▸ **How to complete this task**
Filter the records for "definition" and keep each line that has it.

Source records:
━━━━━━━━━━━━━━━━━━━━━━━━━━━━━━

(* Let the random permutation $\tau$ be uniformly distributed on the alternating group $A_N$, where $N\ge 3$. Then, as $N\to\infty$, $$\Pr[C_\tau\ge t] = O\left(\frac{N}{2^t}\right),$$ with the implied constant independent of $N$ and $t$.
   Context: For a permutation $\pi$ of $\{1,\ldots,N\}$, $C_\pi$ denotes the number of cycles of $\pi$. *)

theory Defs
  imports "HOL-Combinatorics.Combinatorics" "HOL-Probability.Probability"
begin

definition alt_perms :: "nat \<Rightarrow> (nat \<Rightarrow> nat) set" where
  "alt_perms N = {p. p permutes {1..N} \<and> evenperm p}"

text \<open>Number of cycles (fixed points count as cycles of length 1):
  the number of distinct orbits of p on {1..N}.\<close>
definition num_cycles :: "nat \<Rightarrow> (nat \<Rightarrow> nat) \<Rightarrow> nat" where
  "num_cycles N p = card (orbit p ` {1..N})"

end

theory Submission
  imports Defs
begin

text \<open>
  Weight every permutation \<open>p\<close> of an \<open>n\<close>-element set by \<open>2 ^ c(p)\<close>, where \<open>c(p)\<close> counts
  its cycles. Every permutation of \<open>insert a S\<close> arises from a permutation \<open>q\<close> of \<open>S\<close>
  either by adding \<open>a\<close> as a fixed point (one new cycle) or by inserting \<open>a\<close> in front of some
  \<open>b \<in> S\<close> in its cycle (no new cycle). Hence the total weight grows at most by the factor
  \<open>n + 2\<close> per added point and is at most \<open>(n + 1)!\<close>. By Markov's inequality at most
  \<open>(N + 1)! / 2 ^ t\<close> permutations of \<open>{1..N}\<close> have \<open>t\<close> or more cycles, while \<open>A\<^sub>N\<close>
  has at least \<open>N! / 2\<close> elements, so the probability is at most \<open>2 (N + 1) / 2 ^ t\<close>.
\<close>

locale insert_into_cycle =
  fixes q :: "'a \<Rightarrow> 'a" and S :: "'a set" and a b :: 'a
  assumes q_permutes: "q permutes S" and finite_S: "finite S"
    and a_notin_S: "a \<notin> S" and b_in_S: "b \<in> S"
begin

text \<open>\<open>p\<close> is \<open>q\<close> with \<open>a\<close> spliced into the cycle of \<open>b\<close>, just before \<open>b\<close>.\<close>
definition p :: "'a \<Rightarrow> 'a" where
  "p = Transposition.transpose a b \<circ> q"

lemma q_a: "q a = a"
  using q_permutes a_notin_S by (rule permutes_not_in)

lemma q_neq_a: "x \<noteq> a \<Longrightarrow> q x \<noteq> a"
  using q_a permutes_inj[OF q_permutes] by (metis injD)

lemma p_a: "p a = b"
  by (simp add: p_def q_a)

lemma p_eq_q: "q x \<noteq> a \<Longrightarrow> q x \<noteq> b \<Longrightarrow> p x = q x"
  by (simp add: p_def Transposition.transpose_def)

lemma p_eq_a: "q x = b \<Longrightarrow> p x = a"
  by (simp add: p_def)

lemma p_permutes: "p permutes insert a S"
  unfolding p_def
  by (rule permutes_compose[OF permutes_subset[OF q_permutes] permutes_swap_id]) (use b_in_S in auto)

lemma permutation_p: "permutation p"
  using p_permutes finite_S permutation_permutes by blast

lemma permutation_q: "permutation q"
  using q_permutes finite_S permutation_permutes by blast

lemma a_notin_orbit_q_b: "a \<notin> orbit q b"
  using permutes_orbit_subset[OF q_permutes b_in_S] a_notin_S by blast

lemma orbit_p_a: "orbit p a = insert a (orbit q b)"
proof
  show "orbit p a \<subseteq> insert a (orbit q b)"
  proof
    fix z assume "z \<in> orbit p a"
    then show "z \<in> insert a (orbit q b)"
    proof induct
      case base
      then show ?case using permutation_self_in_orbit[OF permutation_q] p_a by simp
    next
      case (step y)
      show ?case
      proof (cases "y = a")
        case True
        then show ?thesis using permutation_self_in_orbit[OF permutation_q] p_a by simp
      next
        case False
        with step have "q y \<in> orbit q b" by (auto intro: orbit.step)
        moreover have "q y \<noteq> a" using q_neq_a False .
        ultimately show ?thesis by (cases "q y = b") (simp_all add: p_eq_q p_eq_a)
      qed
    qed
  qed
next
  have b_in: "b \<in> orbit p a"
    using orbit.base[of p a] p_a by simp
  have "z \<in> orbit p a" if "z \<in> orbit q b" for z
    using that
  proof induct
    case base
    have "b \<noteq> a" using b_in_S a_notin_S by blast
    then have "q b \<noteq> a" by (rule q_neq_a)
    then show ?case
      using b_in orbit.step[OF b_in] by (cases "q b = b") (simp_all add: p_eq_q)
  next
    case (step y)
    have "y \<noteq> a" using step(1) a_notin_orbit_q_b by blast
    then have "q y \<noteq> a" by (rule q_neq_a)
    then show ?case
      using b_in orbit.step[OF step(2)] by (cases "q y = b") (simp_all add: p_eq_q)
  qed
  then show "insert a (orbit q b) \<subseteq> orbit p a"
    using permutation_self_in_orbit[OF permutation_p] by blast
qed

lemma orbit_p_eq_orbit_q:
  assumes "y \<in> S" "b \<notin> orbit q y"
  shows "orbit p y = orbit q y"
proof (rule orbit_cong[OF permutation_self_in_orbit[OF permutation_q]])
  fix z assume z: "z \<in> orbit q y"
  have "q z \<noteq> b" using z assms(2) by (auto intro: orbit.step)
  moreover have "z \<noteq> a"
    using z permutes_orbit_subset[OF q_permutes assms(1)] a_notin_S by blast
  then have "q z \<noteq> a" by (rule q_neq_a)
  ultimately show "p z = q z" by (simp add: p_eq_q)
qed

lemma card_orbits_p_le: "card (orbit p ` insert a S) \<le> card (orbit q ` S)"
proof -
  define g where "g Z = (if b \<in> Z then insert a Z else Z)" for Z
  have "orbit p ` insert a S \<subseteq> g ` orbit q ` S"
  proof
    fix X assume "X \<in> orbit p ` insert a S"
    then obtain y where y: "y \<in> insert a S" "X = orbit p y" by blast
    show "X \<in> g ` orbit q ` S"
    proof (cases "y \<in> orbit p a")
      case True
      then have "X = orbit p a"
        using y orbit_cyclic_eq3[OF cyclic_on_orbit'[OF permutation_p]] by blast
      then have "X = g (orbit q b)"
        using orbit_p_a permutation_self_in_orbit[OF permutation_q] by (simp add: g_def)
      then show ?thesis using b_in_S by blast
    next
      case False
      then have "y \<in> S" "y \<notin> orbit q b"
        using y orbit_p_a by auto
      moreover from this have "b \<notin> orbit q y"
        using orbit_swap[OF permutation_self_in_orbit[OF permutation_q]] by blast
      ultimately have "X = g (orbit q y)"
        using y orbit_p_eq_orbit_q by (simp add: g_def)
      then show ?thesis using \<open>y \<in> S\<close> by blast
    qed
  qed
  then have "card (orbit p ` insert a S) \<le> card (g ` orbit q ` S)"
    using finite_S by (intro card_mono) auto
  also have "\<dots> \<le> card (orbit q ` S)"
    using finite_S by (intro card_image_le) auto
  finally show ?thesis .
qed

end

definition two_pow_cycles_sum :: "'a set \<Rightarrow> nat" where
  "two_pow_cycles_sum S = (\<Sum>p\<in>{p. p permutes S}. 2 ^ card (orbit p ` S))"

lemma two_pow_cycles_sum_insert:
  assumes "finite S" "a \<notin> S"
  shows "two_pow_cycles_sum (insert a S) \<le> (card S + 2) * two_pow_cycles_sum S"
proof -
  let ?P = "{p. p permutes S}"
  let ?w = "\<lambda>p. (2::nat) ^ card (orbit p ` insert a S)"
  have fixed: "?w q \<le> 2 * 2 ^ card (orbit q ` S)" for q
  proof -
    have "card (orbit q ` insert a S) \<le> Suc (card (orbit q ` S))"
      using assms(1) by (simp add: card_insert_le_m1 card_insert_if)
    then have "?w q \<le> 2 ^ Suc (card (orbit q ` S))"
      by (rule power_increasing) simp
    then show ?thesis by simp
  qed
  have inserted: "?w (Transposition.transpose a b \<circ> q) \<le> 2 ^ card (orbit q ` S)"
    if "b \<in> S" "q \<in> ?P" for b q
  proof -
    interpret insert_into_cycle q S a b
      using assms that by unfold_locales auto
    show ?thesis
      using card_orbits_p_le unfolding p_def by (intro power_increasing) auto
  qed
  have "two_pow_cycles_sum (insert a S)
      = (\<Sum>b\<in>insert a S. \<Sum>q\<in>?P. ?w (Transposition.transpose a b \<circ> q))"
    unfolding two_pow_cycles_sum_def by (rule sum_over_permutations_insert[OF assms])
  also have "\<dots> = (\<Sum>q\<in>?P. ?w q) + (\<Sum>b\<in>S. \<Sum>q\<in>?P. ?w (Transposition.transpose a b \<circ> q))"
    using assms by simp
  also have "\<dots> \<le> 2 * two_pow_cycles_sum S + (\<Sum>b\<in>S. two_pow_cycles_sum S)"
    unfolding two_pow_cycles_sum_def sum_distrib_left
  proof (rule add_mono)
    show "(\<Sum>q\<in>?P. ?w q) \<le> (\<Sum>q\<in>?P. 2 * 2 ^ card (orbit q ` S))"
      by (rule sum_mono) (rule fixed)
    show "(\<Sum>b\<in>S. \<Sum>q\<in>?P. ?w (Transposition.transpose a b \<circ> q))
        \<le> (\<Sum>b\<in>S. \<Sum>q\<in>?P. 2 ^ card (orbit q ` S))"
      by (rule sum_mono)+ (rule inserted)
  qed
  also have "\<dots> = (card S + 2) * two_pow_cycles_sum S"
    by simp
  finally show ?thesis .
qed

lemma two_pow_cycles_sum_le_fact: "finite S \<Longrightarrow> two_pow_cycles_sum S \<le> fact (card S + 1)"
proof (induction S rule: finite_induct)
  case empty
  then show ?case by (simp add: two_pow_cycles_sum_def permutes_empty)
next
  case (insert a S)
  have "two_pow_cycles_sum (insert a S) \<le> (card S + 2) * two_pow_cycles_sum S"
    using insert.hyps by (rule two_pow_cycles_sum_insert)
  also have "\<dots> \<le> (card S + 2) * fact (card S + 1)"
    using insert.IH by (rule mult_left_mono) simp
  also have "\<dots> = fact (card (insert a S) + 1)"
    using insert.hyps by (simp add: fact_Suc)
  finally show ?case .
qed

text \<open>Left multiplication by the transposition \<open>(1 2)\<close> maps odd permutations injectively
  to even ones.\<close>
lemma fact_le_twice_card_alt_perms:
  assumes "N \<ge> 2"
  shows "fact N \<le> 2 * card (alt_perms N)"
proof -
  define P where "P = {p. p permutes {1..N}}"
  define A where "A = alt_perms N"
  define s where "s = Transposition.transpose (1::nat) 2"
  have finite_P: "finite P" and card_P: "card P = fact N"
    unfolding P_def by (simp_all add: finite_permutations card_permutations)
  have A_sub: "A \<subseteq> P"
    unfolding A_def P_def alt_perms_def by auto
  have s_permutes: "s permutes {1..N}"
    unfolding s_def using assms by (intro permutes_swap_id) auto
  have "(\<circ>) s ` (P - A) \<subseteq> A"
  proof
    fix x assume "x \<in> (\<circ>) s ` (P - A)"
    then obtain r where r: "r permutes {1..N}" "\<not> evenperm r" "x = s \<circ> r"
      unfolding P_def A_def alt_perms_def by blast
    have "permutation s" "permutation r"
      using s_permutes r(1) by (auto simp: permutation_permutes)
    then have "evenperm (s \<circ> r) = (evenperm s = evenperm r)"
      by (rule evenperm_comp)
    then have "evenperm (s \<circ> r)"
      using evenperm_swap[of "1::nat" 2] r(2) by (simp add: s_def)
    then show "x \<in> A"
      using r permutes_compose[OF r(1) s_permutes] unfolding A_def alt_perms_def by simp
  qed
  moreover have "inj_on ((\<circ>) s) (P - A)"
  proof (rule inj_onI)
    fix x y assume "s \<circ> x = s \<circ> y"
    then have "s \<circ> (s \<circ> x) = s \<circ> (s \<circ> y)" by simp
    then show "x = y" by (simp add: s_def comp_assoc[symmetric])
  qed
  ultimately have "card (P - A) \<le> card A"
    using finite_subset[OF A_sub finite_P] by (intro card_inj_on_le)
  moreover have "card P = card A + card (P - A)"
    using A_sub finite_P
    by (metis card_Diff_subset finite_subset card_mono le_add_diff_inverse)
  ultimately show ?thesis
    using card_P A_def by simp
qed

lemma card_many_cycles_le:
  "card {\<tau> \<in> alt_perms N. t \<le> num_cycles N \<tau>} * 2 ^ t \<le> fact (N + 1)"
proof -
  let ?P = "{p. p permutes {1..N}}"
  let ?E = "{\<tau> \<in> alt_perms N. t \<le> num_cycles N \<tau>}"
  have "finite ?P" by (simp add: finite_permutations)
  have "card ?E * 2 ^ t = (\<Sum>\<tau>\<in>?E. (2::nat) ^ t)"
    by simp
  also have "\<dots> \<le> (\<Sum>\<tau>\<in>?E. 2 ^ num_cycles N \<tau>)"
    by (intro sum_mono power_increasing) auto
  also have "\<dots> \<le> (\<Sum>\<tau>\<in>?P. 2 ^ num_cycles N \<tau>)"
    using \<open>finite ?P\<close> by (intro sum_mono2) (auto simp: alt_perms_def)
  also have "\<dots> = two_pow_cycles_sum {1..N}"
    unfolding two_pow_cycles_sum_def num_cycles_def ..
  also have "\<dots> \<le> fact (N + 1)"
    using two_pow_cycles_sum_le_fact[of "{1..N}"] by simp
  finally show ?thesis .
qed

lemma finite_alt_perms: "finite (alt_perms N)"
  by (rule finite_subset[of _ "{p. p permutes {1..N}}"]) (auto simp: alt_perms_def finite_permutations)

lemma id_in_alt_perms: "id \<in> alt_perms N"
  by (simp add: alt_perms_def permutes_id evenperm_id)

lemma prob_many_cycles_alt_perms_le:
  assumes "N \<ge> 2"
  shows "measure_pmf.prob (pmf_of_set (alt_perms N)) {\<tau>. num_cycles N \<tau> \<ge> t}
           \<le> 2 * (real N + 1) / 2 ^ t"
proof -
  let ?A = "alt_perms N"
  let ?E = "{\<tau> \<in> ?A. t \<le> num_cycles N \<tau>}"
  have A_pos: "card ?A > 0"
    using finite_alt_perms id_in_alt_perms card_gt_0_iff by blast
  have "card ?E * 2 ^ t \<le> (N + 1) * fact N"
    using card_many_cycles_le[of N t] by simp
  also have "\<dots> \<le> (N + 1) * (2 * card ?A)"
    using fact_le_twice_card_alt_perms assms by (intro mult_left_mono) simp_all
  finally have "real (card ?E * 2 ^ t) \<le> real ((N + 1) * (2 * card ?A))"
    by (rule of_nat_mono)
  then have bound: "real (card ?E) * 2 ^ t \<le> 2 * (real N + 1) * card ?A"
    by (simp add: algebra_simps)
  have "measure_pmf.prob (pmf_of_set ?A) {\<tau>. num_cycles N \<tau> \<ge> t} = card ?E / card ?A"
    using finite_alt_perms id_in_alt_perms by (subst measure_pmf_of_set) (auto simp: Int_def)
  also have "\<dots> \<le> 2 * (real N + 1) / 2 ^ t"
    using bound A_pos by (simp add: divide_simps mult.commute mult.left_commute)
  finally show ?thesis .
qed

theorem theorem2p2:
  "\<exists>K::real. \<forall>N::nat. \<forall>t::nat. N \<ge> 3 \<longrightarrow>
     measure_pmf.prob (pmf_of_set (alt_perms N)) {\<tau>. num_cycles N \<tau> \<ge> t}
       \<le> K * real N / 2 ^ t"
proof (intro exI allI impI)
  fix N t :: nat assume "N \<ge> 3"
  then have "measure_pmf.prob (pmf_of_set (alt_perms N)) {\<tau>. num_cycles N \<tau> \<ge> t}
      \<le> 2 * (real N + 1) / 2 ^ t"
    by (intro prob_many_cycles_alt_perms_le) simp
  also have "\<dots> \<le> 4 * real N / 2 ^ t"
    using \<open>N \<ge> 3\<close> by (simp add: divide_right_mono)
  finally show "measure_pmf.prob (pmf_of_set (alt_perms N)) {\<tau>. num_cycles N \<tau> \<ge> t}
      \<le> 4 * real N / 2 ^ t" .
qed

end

━━━━━━━━━━━━━━━━━━━━━━━━━━━━━━

▸ **Finished task**
definition alt_perms :: "nat \<Rightarrow> (nat \<Rightarrow> nat) set" where
definition num_cycles :: "nat \<Rightarrow> (nat \<Rightarrow> nat) \<Rightarrow> nat" where
definition p :: "'a \<Rightarrow> 'a" where
definition two_pow_cycles_sum :: "'a set \<Rightarrow> nat" where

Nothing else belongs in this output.